Et parce que le juriste n'intègre pas ses convictions écologiques uniquement dans son travail, Sébastien Mabile le déploie dans d'autres aspects de son quotidien ; il le dit lui-même, il cherche à multiplier les activités. Alors, en 2021, le magistrat quitte Paris pour Arles, en Camargue, "un choix qui a du sens", ne supportant plus de "parler d'écologie depuis un appartement parisien". "Le défenseur amoureux de la planète" ressentait le besoin de se reconnecter à l'environnement, et même "d'expérimenter quelque chose de plus résilient". Le voilà "dans une région où se posent aujourd'hui des problématiques qui se poseront demain ailleurs".

Le bilan de ces deux années déjà passées dans une réserve de biosphère camarguaise et site Natura 2000 : "Je suis très heureux mais plus alarmé". Sa robe d'avocat ne le quittant jamais vraiment, il est témoin "des pratiques agricoles ahurissantes et de la dévastation de la biodiversité" causée par la riziculture en conventionnel à proximité. Surtout, "le non-respect des normes juridiques et l'absence total de contrôle" le consterne. Au contraire, lui, accompagne l'installation d'un jeune maraîcher bio pour que s'érige un hectare, un "oasis de biodiversité" au milieu des cultures conventionnelles. 

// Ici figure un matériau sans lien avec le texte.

lemma l2_Cauchy_Schwarz:
  assumes "x \<in> l2" and "y \<in> l2"
  shows "cmod (l2_inner x y) \<le> l2_norm x * l2_norm y"
proof -
  have L2_set_le: "L2_set (\<lambda>i. cmod (z i)) F \<le> l2_norm z" if "z \<in> l2" "finite F" for z F
    unfolding L2_set_def l2_norm_def
    using finite_sum_le_infsum[OF l2_summable[OF that(1)] that(2)] by simp
  have "cmod (l2_inner x y) \<le> (\<Sum>\<^sub>\<infinity>i. norm (cnj (x i) * y i))"
    unfolding l2_inner_def by (rule norm_infsum_bound[OF l2_inner_abs_summable[OF assms]])
  also have "\<dots> \<le> l2_norm x * l2_norm y"
  proof (rule infsum_le_finite_sums[OF l2_inner_abs_summable[OF assms]])
    fix F :: "'a set" assume "finite F"
    have "(\<Sum>i\<in>F. norm (cnj (x i) * y i)) = (\<Sum>i\<in>F. \<bar>cmod (x i)\<bar> * \<bar>cmod (y i)\<bar>)"
      by (simp add: norm_mult)
    also have "\<dots> \<le> L2_set (\<lambda>i. cmod (x i)) F * L2_set (\<lambda>i. cmod (y i)) F"
      by (rule L2_set_mult_ineq)
    also have "\<dots> \<le> l2_norm x * l2_norm y"
      using L2_set_le assms \<open>finite F\<close> by (intro mult_mono) auto
    finally show "(\<Sum>i\<in>F. norm (cnj (x i) * y i)) \<le> l2_norm x * l2_norm y" .
  qed
  finally show ?thesis .
qed

section \<open>Bounded operators\<close>

definition linear_op :: "(('i \<Rightarrow> complex) \<Rightarrow> ('i \<Rightarrow> complex)) \<Rightarrow> bool" where
  "linear_op A \<longleftrightarrow>
     (\<forall>x\<in>l2. A x \<in> l2) \<and>
     (\<forall>x\<in>l2. \<forall>y\<in>l2. A (\<lambda>i. x i + y i) = (\<lambda>i. A x i + A y i)) \<and>
     (\<forall>x\<in>l2. \<forall>c. A (\<lambda>i. c * x i) = (\<lambda>i. c * A x i))"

Sébastien Mabile ne chôme pas : ancrant encore davantage son engagement écologiste dans le territoire camarguais, et se voulant acteur de la transition, avec Sofian Boutabaa, ancien coiffeur-coloriste à Paris, il a fondé l'association d'agroécologie, le Mas Baudran en janvier dernier. Début 2024, se tiendra dans la maison une résidence artistique du climat et du vivant. En effectuant toujours un aller-retour avec ses actions contentieuses parallèles, ce défenseur du climat cherche à "créer un lieu rassemblant des personnes de différentes disciplines et univers".

Le principe : "On sélectionne un sujet avec une ONG qui porte un plaidoyer dessus. On propose à un artiste de venir en résidence. Enfin, à travers un colloque organisé avec l'université d'Aix-Marseille et des échanges entre scientifiques, juristes et associations, on documente le processus d'acculturation de l'artiste à la problématique". À l'issue de cette résidence longue de plusieurs mois, ce dernier produit une oeuvre servant les revendications de l'association. L'avocat tout-terrain, pleinement inscrit dans l'action climatique donc, parvient à faire dialoguer les sphères intellectuelles afin de sensibiliser le grand public aux enjeux environnementaux.

Alertant sur la nécessité de la déplastification, toujours dans le prolongement d'un procès contre la multinationale Danone, la première saison se fait en association avec Surfrider, pendant six mois, afin de "prendre le temps d'explorer toutes les dimensions du sujet", souligne-t-il. 

L'appel à résidence a été lancé lors du festival Agir pour le Vivant, débuté le 22 août dernier à Arles (Bouches-du-Rhône). Le projet, quant à lui se tiendra à partir de janvier 2024 dans la villa arlésienne du Mas Baudran.